Work item: Repeat the data exactly, so that every line matches the original.

(Dataset entries)
⁂

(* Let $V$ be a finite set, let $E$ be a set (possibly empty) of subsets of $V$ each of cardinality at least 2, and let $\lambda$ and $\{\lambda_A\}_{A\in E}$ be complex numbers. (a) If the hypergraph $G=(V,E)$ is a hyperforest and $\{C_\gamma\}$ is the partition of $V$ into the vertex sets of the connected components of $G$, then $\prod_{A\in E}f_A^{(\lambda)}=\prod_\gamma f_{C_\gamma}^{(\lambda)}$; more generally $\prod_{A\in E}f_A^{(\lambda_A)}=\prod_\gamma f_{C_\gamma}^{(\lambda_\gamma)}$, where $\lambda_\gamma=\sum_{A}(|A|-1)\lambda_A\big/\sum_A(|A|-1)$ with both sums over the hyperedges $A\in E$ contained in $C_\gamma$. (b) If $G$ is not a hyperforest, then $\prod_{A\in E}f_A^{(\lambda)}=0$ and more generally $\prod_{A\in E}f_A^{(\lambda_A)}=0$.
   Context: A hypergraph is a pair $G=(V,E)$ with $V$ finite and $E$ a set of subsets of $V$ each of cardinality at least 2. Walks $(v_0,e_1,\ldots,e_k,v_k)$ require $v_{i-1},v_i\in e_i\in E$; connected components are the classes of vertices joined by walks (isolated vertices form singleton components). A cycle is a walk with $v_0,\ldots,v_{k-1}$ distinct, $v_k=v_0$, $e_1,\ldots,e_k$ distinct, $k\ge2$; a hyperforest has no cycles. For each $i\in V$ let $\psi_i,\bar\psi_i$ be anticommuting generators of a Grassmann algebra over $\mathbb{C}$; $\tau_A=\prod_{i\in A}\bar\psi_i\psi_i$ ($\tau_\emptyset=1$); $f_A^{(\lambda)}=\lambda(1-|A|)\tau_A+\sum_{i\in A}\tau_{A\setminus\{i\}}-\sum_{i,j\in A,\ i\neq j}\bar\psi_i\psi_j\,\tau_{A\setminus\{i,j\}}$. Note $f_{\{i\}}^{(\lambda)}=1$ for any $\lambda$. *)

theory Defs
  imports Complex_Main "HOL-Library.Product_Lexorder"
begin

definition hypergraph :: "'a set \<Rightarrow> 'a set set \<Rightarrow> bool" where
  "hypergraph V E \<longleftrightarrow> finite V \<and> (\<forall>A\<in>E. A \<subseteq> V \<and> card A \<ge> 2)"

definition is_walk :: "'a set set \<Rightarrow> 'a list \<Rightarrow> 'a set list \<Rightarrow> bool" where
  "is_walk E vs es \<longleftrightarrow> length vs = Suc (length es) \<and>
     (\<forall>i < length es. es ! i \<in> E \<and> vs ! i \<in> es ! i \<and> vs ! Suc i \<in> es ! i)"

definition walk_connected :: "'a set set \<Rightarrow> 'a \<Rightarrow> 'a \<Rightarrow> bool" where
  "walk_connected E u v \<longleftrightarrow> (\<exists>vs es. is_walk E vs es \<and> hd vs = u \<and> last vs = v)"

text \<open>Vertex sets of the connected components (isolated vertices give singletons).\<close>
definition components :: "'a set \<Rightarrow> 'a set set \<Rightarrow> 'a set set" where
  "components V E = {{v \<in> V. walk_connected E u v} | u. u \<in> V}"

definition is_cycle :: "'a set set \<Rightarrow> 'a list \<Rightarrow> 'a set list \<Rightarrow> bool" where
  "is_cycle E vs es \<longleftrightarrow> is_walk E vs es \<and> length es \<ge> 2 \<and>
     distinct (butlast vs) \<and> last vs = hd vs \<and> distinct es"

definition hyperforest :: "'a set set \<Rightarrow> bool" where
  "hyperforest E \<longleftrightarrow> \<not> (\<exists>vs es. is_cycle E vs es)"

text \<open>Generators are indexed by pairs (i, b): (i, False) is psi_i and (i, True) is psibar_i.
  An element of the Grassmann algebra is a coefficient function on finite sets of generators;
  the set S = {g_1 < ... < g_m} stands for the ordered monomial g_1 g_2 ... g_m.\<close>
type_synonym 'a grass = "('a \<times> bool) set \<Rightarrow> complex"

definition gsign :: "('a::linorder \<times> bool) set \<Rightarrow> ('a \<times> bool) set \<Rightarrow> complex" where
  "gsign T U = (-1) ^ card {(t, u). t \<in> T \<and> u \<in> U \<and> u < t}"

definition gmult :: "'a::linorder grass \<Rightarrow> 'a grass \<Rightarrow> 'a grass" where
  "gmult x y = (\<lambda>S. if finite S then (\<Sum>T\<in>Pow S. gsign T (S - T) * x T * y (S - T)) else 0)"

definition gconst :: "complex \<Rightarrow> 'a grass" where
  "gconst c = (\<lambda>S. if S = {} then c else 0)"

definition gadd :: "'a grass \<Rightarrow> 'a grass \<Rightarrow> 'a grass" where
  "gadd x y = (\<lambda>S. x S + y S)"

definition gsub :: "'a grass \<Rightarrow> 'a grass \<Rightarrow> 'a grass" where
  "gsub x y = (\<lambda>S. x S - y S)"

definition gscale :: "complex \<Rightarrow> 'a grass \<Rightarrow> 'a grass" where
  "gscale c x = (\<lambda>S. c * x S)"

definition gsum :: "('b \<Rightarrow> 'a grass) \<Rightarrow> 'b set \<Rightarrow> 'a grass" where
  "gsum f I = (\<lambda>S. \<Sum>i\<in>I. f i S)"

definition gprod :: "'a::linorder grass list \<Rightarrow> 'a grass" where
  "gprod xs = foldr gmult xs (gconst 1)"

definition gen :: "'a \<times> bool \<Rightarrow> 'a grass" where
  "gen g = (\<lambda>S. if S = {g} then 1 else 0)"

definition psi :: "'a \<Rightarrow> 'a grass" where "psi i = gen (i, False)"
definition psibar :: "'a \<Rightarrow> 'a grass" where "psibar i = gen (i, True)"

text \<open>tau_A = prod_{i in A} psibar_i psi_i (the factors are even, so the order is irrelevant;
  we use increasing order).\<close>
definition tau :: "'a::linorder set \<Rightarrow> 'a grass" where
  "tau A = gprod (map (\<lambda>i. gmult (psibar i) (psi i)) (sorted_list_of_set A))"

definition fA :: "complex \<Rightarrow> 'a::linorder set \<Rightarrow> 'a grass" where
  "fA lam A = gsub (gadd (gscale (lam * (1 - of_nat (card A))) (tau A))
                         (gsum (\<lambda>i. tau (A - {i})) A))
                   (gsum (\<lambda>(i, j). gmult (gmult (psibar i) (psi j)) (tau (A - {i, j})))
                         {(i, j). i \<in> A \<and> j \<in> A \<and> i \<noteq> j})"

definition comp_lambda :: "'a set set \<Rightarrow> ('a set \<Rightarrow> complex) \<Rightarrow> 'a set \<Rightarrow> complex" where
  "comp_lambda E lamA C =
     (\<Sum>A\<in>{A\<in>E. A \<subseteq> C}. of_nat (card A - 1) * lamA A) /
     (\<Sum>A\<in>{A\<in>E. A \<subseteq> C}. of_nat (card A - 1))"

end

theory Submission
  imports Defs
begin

⁂

Exercise output:
(* Let $V$ be a finite set, let $E$ be a set (possibly empty) of subsets of $V$ each of cardinality at least 2, and let $\lambda$ and $\{\lambda_A\}_{A\in E}$ be complex numbers. (a) If the hypergraph $G=(V,E)$ is a hyperforest and $\{C_\gamma\}$ is the partition of $V$ into the vertex sets of the connected components of $G$, then $\prod_{A\in E}f_A^{(\lambda)}=\prod_\gamma f_{C_\gamma}^{(\lambda)}$; more generally $\prod_{A\in E}f_A^{(\lambda_A)}=\prod_\gamma f_{C_\gamma}^{(\lambda_\gamma)}$, where $\lambda_\gamma=\sum_{A}(|A|-1)\lambda_A\big/\sum_A(|A|-1)$ with both sums over the hyperedges $A\in E$ contained in $C_\gamma$. (b) If $G$ is not a hyperforest, then $\prod_{A\in E}f_A^{(\lambda)}=0$ and more generally $\prod_{A\in E}f_A^{(\lambda_A)}=0$.
   Context: A hypergraph is a pair $G=(V,E)$ with $V$ finite and $E$ a set of subsets of $V$ each of cardinality at least 2. Walks $(v_0,e_1,\ldots,e_k,v_k)$ require $v_{i-1},v_i\in e_i\in E$; connected components are the classes of vertices joined by walks (isolated vertices form singleton components). A cycle is a walk with $v_0,\ldots,v_{k-1}$ distinct, $v_k=v_0$, $e_1,\ldots,e_k$ distinct, $k\ge2$; a hyperforest has no cycles. For each $i\in V$ let $\psi_i,\bar\psi_i$ be anticommuting generators of a Grassmann algebra over $\mathbb{C}$; $\tau_A=\prod_{i\in A}\bar\psi_i\psi_i$ ($\tau_\emptyset=1$); $f_A^{(\lambda)}=\lambda(1-|A|)\tau_A+\sum_{i\in A}\tau_{A\setminus\{i\}}-\sum_{i,j\in A,\ i\neq j}\bar\psi_i\psi_j\,\tau_{A\setminus\{i,j\}}$. Note $f_{\{i\}}^{(\lambda)}=1$ for any $\lambda$. *)

theory Defs
  imports Complex_Main "HOL-Library.Product_Lexorder"
begin

definition hypergraph :: "'a set \<Rightarrow> 'a set set \<Rightarrow> bool" where
  "hypergraph V E \<longleftrightarrow> finite V \<and> (\<forall>A\<in>E. A \<subseteq> V \<and> card A \<ge> 2)"

definition is_walk :: "'a set set \<Rightarrow> 'a list \<Rightarrow> 'a set list \<Rightarrow> bool" where
  "is_walk E vs es \<longleftrightarrow> length vs = Suc (length es) \<and>
     (\<forall>i < length es. es ! i \<in> E \<and> vs ! i \<in> es ! i \<and> vs ! Suc i \<in> es ! i)"

definition walk_connected :: "'a set set \<Rightarrow> 'a \<Rightarrow> 'a \<Rightarrow> bool" where
  "walk_connected E u v \<longleftrightarrow> (\<exists>vs es. is_walk E vs es \<and> hd vs = u \<and> last vs = v)"

text \<open>Vertex sets of the connected components (isolated vertices give singletons).\<close>
definition components :: "'a set \<Rightarrow> 'a set set \<Rightarrow> 'a set set" where
  "components V E = {{v \<in> V. walk_connected E u v} | u. u \<in> V}"

definition is_cycle :: "'a set set \<Rightarrow> 'a list \<Rightarrow> 'a set list \<Rightarrow> bool" where
  "is_cycle E vs es \<longleftrightarrow> is_walk E vs es \<and> length es \<ge> 2 \<and>
     distinct (butlast vs) \<and> last vs = hd vs \<and> distinct es"

definition hyperforest :: "'a set set \<Rightarrow> bool" where
  "hyperforest E \<longleftrightarrow> \<not> (\<exists>vs es. is_cycle E vs es)"

text \<open>Generators are indexed by pairs (i, b): (i, False) is psi_i and (i, True) is psibar_i.
  An element of the Grassmann algebra is a coefficient function on finite sets of generators;
  the set S = {g_1 < ... < g_m} stands for the ordered monomial g_1 g_2 ... g_m.\<close>
type_synonym 'a grass = "('a \<times> bool) set \<Rightarrow> complex"

definition gsign :: "('a::linorder \<times> bool) set \<Rightarrow> ('a \<times> bool) set \<Rightarrow> complex" where
  "gsign T U = (-1) ^ card {(t, u). t \<in> T \<and> u \<in> U \<and> u < t}"

definition gmult :: "'a::linorder grass \<Rightarrow> 'a grass \<Rightarrow> 'a grass" where
  "gmult x y = (\<lambda>S. if finite S then (\<Sum>T\<in>Pow S. gsign T (S - T) * x T * y (S - T)) else 0)"

definition gconst :: "complex \<Rightarrow> 'a grass" where
  "gconst c = (\<lambda>S. if S = {} then c else 0)"

definition gadd :: "'a grass \<Rightarrow> 'a grass \<Rightarrow> 'a grass" where
  "gadd x y = (\<lambda>S. x S + y S)"

definition gsub :: "'a grass \<Rightarrow> 'a grass \<Rightarrow> 'a grass" where
  "gsub x y = (\<lambda>S. x S - y S)"

definition gscale :: "complex \<Rightarrow> 'a grass \<Rightarrow> 'a grass" where
  "gscale c x = (\<lambda>S. c * x S)"

definition gsum :: "('b \<Rightarrow> 'a grass) \<Rightarrow> 'b set \<Rightarrow> 'a grass" where
  "gsum f I = (\<lambda>S. \<Sum>i\<in>I. f i S)"

definition gprod :: "'a::linorder grass list \<Rightarrow> 'a grass" where
  "gprod xs = foldr gmult xs (gconst 1)"

definition gen :: "'a \<times> bool \<Rightarrow> 'a grass" where
  "gen g = (\<lambda>S. if S = {g} then 1 else 0)"

definition psi :: "'a \<Rightarrow> 'a grass" where "psi i = gen (i, False)"
definition psibar :: "'a \<Rightarrow> 'a grass" where "psibar i = gen (i, True)"

text \<open>tau_A = prod_{i in A} psibar_i psi_i (the factors are even, so the order is irrelevant;
  we use increasing order).\<close>
definition tau :: "'a::linorder set \<Rightarrow> 'a grass" where
  "tau A = gprod (map (\<lambda>i. gmult (psibar i) (psi i)) (sorted_list_of_set A))"

definition fA :: "complex \<Rightarrow> 'a::linorder set \<Rightarrow> 'a grass" where
  "fA lam A = gsub (gadd (gscale (lam * (1 - of_nat (card A))) (tau A))
                         (gsum (\<lambda>i. tau (A - {i})) A))
                   (gsum (\<lambda>(i, j). gmult (gmult (psibar i) (psi j)) (tau (A - {i, j})))
                         {(i, j). i \<in> A \<and> j \<in> A \<and> i \<noteq> j})"

definition comp_lambda :: "'a set set \<Rightarrow> ('a set \<Rightarrow> complex) \<Rightarrow> 'a set \<Rightarrow> complex" where
  "comp_lambda E lamA C =
     (\<Sum>A\<in>{A\<in>E. A \<subseteq> C}. of_nat (card A - 1) * lamA A) /
     (\<Sum>A\<in>{A\<in>E. A \<subseteq> C}. of_nat (card A - 1))"

end

theory Submission
  imports Defs
begin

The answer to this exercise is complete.